(* Let $\mathcal{C}$ be a Fraïssé class of finite structures over a finite relational language, and let $M$ be its Fraïssé limit. Assume that every structure in $\mathcal{C}$ is rigid (has trivial automorphism group). Then at least one of the following holds: (a) $M$ has a reduct which is a total order, i.e. there is a strict total order on the domain of $M$ that is definable in $M$ by a first-order formula without parameters; (b) there are structures $A,B\in\mathcal{C}$ with $|A|=2$ which witness that $\mathcal{C}$ is not a Ramsey class, i.e. for every $C\in\mathcal{C}$ there is a colouring of the embeddings $A\to C$ with two colours such that no embedding $g:B\to C$ is monochromatic.
   Context: All structures are non-empty, and classes are closed under isomorphism and hereditary (closed under induced substructures). A Fraïssé class is such a class satisfying the joint embedding property (any two members embed in a common member) and the amalgamation property (for $A,B_1,B_2\in\mathcal{C}$ and embeddings $f_i:A\to B_i$ there exist $C\in\mathcal{C}$ and embeddings $g_i:B_i\to C$ with $g_1\circ f_1=g_2\circ f_2$). Its Fraïssé limit is the unique countable homogeneous structure whose age (class of finite structures embeddable in it) is $\mathcal{C}$; homogeneous means every isomorphism between finite substructures extends to an automorphism. An embedding $g:B\to C$ is monochromatic for a colouring of the embeddings $A\to C$ if all embeddings $A\to C$ whose image is contained in the image of $g$ receive the same colour. $\mathcal{C}$ is a Ramsey class if for all $A,B\in\mathcal{C}$ there is $C\in\mathcal{C}$ such that every $2$-colouring of the embeddings $A\to C$ admits a monochromatic embedding $B\to C$. *)

theory Defs
  imports Main "HOL-Library.FuncSet" "HOL-Library.Countable_Set"
begin

record ('r, 'a) struc =
  sdom :: "'a set"
  srel :: "'r \<Rightarrow> 'a list \<Rightarrow> bool"

definition wf_struc :: "'r set \<Rightarrow> ('r \<Rightarrow> nat) \<Rightarrow> ('r, 'a) struc \<Rightarrow> bool" where
  "wf_struc L ar A \<longleftrightarrow> sdom A \<noteq> {} \<and>
     (\<forall>r xs. srel A r xs \<longrightarrow> r \<in> L \<and> length xs = ar r \<and> set xs \<subseteq> sdom A)"

definition finite_struc :: "'r set \<Rightarrow> ('r \<Rightarrow> nat) \<Rightarrow> ('r, 'a) struc \<Rightarrow> bool" where
  "finite_struc L ar A \<longleftrightarrow> wf_struc L ar A \<and> finite (sdom A)"

text \<open>Embeddings (as functions on the domain; arbitrary outside).\<close>
definition is_emb :: "('a \<Rightarrow> 'b) \<Rightarrow> ('r, 'a) struc \<Rightarrow> ('r, 'b) struc \<Rightarrow> bool" where
  "is_emb f A B \<longleftrightarrow> f ` sdom A \<subseteq> sdom B \<and> inj_on f (sdom A) \<and>
     (\<forall>r. \<forall>xs. set xs \<subseteq> sdom A \<longrightarrow> (srel A r xs \<longleftrightarrow> srel B r (map f xs)))"

text \<open>The set of embeddings A \<rightarrow> B, each represented uniquely (extensional functions).\<close>
definition embs :: "('r, 'a) struc \<Rightarrow> ('r, 'b) struc \<Rightarrow> ('a \<Rightarrow> 'b) set" where
  "embs A B = {f. f \<in> extensional (sdom A) \<and> is_emb f A B}"

definition is_iso :: "('a \<Rightarrow> 'b) \<Rightarrow> ('r, 'a) struc \<Rightarrow> ('r, 'b) struc \<Rightarrow> bool" where
  "is_iso f A B \<longleftrightarrow> is_emb f A B \<and> f ` sdom A = sdom B"

definition is_aut :: "('a \<Rightarrow> 'a) \<Rightarrow> ('r, 'a) struc \<Rightarrow> bool" where
  "is_aut f A \<longleftrightarrow> is_iso f A A"

definition rigid :: "('r, 'a) struc \<Rightarrow> bool" where
  "rigid A \<longleftrightarrow> (\<forall>f. is_aut f A \<longrightarrow> (\<forall>x\<in>sdom A. f x = x))"

definition restr :: "('r, 'a) struc \<Rightarrow> 'a set \<Rightarrow> ('r, 'a) struc" where
  "restr A S = \<lparr>sdom = S, srel = (\<lambda>r xs. srel A r xs \<and> set xs \<subseteq> S)\<rparr>"

text \<open>Classes of finite L-structures are represented by structures with domains in nat
(every finite structure has an isomorphic copy there).\<close>

definition fin_class :: "'r set \<Rightarrow> ('r \<Rightarrow> nat) \<Rightarrow> ('r, nat) struc set \<Rightarrow> bool" where
  "fin_class L ar K \<longleftrightarrow> K \<noteq> {} \<and> (\<forall>A\<in>K. finite_struc L ar A) \<and>
     (\<forall>A\<in>K. \<forall>B f. finite_struc L ar B \<and> is_iso f A B \<longrightarrow> B \<in> K) \<and>
     (\<forall>A\<in>K. \<forall>S. S \<subseteq> sdom A \<and> S \<noteq> {} \<longrightarrow> restr A S \<in> K)"

definition JEP :: "('r, nat) struc set \<Rightarrow> bool" where
  "JEP K \<longleftrightarrow> (\<forall>A\<in>K. \<forall>B\<in>K. \<exists>C\<in>K. (\<exists>f. is_emb f A C) \<and> (\<exists>g. is_emb g B C))"

definition AP :: "('r, nat) struc set \<Rightarrow> bool" where
  "AP K \<longleftrightarrow> (\<forall>A\<in>K. \<forall>B1\<in>K. \<forall>B2\<in>K. \<forall>f1 f2. is_emb f1 A B1 \<and> is_emb f2 A B2 \<longrightarrow>
      (\<exists>C\<in>K. \<exists>g1 g2. is_emb g1 B1 C \<and> is_emb g2 B2 C \<and>
         (\<forall>x\<in>sdom A. g1 (f1 x) = g2 (f2 x))))"

definition fraisse_class :: "'r set \<Rightarrow> ('r \<Rightarrow> nat) \<Rightarrow> ('r, nat) struc set \<Rightarrow> bool" where
  "fraisse_class L ar K \<longleftrightarrow> fin_class L ar K \<and> JEP K \<and> AP K"

definition homogeneous :: "('r, 'm) struc \<Rightarrow> bool" where
  "homogeneous M \<longleftrightarrow> (\<forall>S T h. S \<subseteq> sdom M \<and> T \<subseteq> sdom M \<and> finite S \<and>
      is_iso h (restr M S) (restr M T) \<longrightarrow>
      (\<exists>\<sigma>. is_aut \<sigma> M \<and> (\<forall>x\<in>S. \<sigma> x = h x)))"

definition age_is :: "'r set \<Rightarrow> ('r \<Rightarrow> nat) \<Rightarrow> ('r, 'm) struc \<Rightarrow> ('r, nat) struc set \<Rightarrow> bool" where
  "age_is L ar M K \<longleftrightarrow> (\<forall>A. finite_struc L ar A \<longrightarrow> (A \<in> K \<longleftrightarrow> (\<exists>f. is_emb f A M)))"

definition fraisse_limit :: "'r set \<Rightarrow> ('r \<Rightarrow> nat) \<Rightarrow> ('r, nat) struc set \<Rightarrow> ('r, 'm) struc \<Rightarrow> bool" where
  "fraisse_limit L ar K M \<longleftrightarrow> wf_struc L ar M \<and> countable (sdom M) \<and> homogeneous M \<and> age_is L ar M K"

datatype 'r fm =
    FEq nat nat
  | FRel 'r "nat list"
  | FNeg "'r fm"
  | FConj "'r fm" "'r fm"
  | FEx nat "'r fm"

fun sat :: "('r, 'a) struc \<Rightarrow> (nat \<Rightarrow> 'a) \<Rightarrow> 'r fm \<Rightarrow> bool" where
  "sat M e (FEq i j) = (e i = e j)"
| "sat M e (FRel r vs) = srel M r (map e vs)"
| "sat M e (FNeg \<phi>) = (\<not> sat M e \<phi>)"
| "sat M e (FConj \<phi> \<psi>) = (sat M e \<phi> \<and> sat M e \<psi>)"
| "sat M e (FEx x \<phi>) = (\<exists>a\<in>sdom M. sat M (e(x := a)) \<phi>)"

fun fv :: "'r fm \<Rightarrow> nat set" where
  "fv (FEq i j) = {i, j}"
| "fv (FRel r vs) = set vs"
| "fv (FNeg \<phi>) = fv \<phi>"
| "fv (FConj \<phi> \<psi>) = fv \<phi> \<union> fv \<psi>"
| "fv (FEx x \<phi>) = fv \<phi> - {x}"

fun syms :: "'r fm \<Rightarrow> 'r set" where
  "syms (FEq i j) = {}"
| "syms (FRel r vs) = {r}"
| "syms (FNeg \<phi>) = syms \<phi>"
| "syms (FConj \<phi> \<psi>) = syms \<phi> \<union> syms \<psi>"
| "syms (FEx x \<phi>) = syms \<phi>"

definition strict_total_order_on :: "'a set \<Rightarrow> ('a \<Rightarrow> 'a \<Rightarrow> bool) \<Rightarrow> bool" where
  "strict_total_order_on D R \<longleftrightarrow>
     (\<forall>a\<in>D. \<not> R a a) \<and>
     (\<forall>a\<in>D. \<forall>b\<in>D. \<forall>c\<in>D. R a b \<and> R b c \<longrightarrow> R a c) \<and>
     (\<forall>a\<in>D. \<forall>b\<in>D. a \<noteq> b \<longrightarrow> R a b \<or> R b a)"

definition has_definable_total_order :: "'r set \<Rightarrow> ('r, 'm) struc \<Rightarrow> bool" where
  "has_definable_total_order L M \<longleftrightarrow> (\<exists>\<phi>. fv \<phi> \<subseteq> {0, 1} \<and> syms \<phi> \<subseteq> L \<and>
     strict_total_order_on (sdom M) (\<lambda>a b. sat M (\<lambda>n. if n = 0 then a else b) \<phi>))"

definition monochromatic :: "('b \<Rightarrow> 'c) \<Rightarrow> ('r, 'a) struc \<Rightarrow> ('r, 'b) struc \<Rightarrow> ('r, 'c) struc
    \<Rightarrow> (('a \<Rightarrow> 'c) \<Rightarrow> bool) \<Rightarrow> bool" where
  "monochromatic g A B C \<chi> \<longleftrightarrow> (\<forall>f1\<in>embs A C. \<forall>f2\<in>embs A C.
      f1 ` sdom A \<subseteq> g ` sdom B \<and> f2 ` sdom A \<subseteq> g ` sdom B \<longrightarrow> \<chi> f1 = \<chi> f2)"

definition not_ramsey_witness :: "('r, nat) struc set \<Rightarrow> ('r, nat) struc \<Rightarrow> ('r, nat) struc \<Rightarrow> bool" where
  "not_ramsey_witness K A B \<longleftrightarrow> (\<forall>C\<in>K. \<exists>\<chi> :: (nat \<Rightarrow> nat) \<Rightarrow> bool.
      \<forall>g. is_emb g B C \<longrightarrow> \<not> monochromatic g A B C \<chi>)"

end

theory Submission
  imports Defs
begin

text \<open>
  Since \<open>L\<close> is finite, the quantifier-free types of pairs of elements of \<open>M\<close> are finitely many,
  and for every set \<open>T\<close> of such types the relation "the type of \<open>(a, b)\<close> lies in \<open>T\<close>" is
  definable. If none of these relations is a strict total order of \<open>M\<close>, a finite set \<open>W\<close>
  witnesses this for all of them at once; let \<open>B \<in> K\<close> be a copy of \<open>W\<close>. If every
  two-element \<open>A \<in> K\<close> had the Ramsey property, iterating it over the finitely many
  two-element substructures of \<open>B\<close> would give \<open>C \<in> K\<close> and an embedding \<open>h : B \<rightarrow> C\<close> along
  which, colouring an embedding of a pair by its orientation in \<open>C \<subseteq> \<nat>\<close>, the orientation of a
  pair depends only on its type. The types of the pairs that \<open>h\<close> orients upwards then order
  \<open>W\<close>, a contradiction.
\<close>

section \<open>Embeddings and the Ramsey arrow\<close>

lemma is_emb_id: "is_emb id A A"
  unfolding is_emb_def by simp

lemma is_emb_comp:
  assumes "is_emb g B C" "is_emb f A B"
  shows "is_emb (g \<circ> f) A C"
proof -
  have fA: "f ` sdom A \<subseteq> sdom B"
    using assms(2) unfolding is_emb_def by blast
  have "inj_on (g \<circ> f) (sdom A)"
    using assms fA unfolding is_emb_def by (metis comp_inj_on inj_on_subset)
  moreover have "srel A r xs \<longleftrightarrow> srel C r (map (g \<circ> f) xs)" if "set xs \<subseteq> sdom A" for r xs
    using assms that fA unfolding is_emb_def by (metis map_map set_map image_mono order_trans)
  ultimately show ?thesis
    using assms fA unfolding is_emb_def by (auto simp: image_subset_iff)
qed

lemma is_emb_cong:
  assumes "is_emb f A B" "\<And>x. x \<in> sdom A \<Longrightarrow> f x = f' x"
  shows "is_emb f' A B"
proof -
  have "map f xs = map f' xs" if "set xs \<subseteq> sdom A" for xs
    using that assms(2) by (auto intro: map_cong)
  moreover have "f ` sdom A = f' ` sdom A"
    using assms(2) by (rule image_cong[OF refl])
  moreover have "inj_on f (sdom A) = inj_on f' (sdom A)"
    using assms(2) by (rule inj_on_cong)
  ultimately show ?thesis
    using assms(1) unfolding is_emb_def by metis
qed

lemma restrict_in_embs: "is_emb f A B \<Longrightarrow> restrict f (sdom A) \<in> embs A B"
  unfolding embs_def by (auto intro: is_emb_cong)

lemma restrict_comp_restrict: "restrict (g \<circ> restrict f S) S = restrict (g \<circ> f) S"
  by (auto simp: restrict_def fun_eq_iff)

definition arrows :: "('r, 'c) struc \<Rightarrow> ('r, 'b) struc \<Rightarrow> ('r, 'a) struc \<Rightarrow> bool" where
  "arrows C B A \<longleftrightarrow> (\<forall>\<chi> :: ('a \<Rightarrow> 'c) \<Rightarrow> bool. \<exists>g. is_emb g B C \<and> monochromatic g A B C \<chi>)"

lemma not_ramsey_witness_iff: "not_ramsey_witness K A B \<longleftrightarrow> (\<forall>C\<in>K. \<not> arrows C B A)"
  unfolding not_ramsey_witness_def arrows_def by blast

definition simultaneously_monochromatic ::
    "('b \<Rightarrow> 'c) \<Rightarrow> ('r, 'a) struc set \<Rightarrow> ('r, 'b) struc \<Rightarrow> (('r, 'a) struc \<Rightarrow> ('a \<Rightarrow> 'c) \<Rightarrow> bool) \<Rightarrow> bool" where
  "simultaneously_monochromatic h \<A> B \<chi> \<longleftrightarrow>
     (\<forall>A\<in>\<A>. \<forall>f1 f2. is_emb f1 A B \<longrightarrow> is_emb f2 A B \<longrightarrow>
        \<chi> A (restrict (h \<circ> f1) (sdom A)) = \<chi> A (restrict (h \<circ> f2) (sdom A)))"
━━━━━━
Given the records above, restate word for word only the lines starting at the one with "D R \<longleftrightarrow>" and ending at the one with "(('a \<Rightarrow> 'c)".

> **Answer to this exercise**:
  "strict_total_order_on D R \<longleftrightarrow>
     (\<forall>a\<in>D. \<not> R a a) \<and>
     (\<forall>a\<in>D. \<forall>b\<in>D. \<forall>c\<in>D. R a b \<and> R b c \<longrightarrow> R a c) \<and>
     (\<forall>a\<in>D. \<forall>b\<in>D. a \<noteq> b \<longrightarrow> R a b \<or> R b a)"

definition has_definable_total_order :: "'r set \<Rightarrow> ('r, 'm) struc \<Rightarrow> bool" where
  "has_definable_total_order L M \<longleftrightarrow> (\<exists>\<phi>. fv \<phi> \<subseteq> {0, 1} \<and> syms \<phi> \<subseteq> L \<and>
     strict_total_order_on (sdom M) (\<lambda>a b. sat M (\<lambda>n. if n = 0 then a else b) \<phi>))"

definition monochromatic :: "('b \<Rightarrow> 'c) \<Rightarrow> ('r, 'a) struc \<Rightarrow> ('r, 'b) struc \<Rightarrow> ('r, 'c) struc
    \<Rightarrow> (('a \<Rightarrow> 'c) \<Rightarrow> bool) \<Rightarrow> bool" where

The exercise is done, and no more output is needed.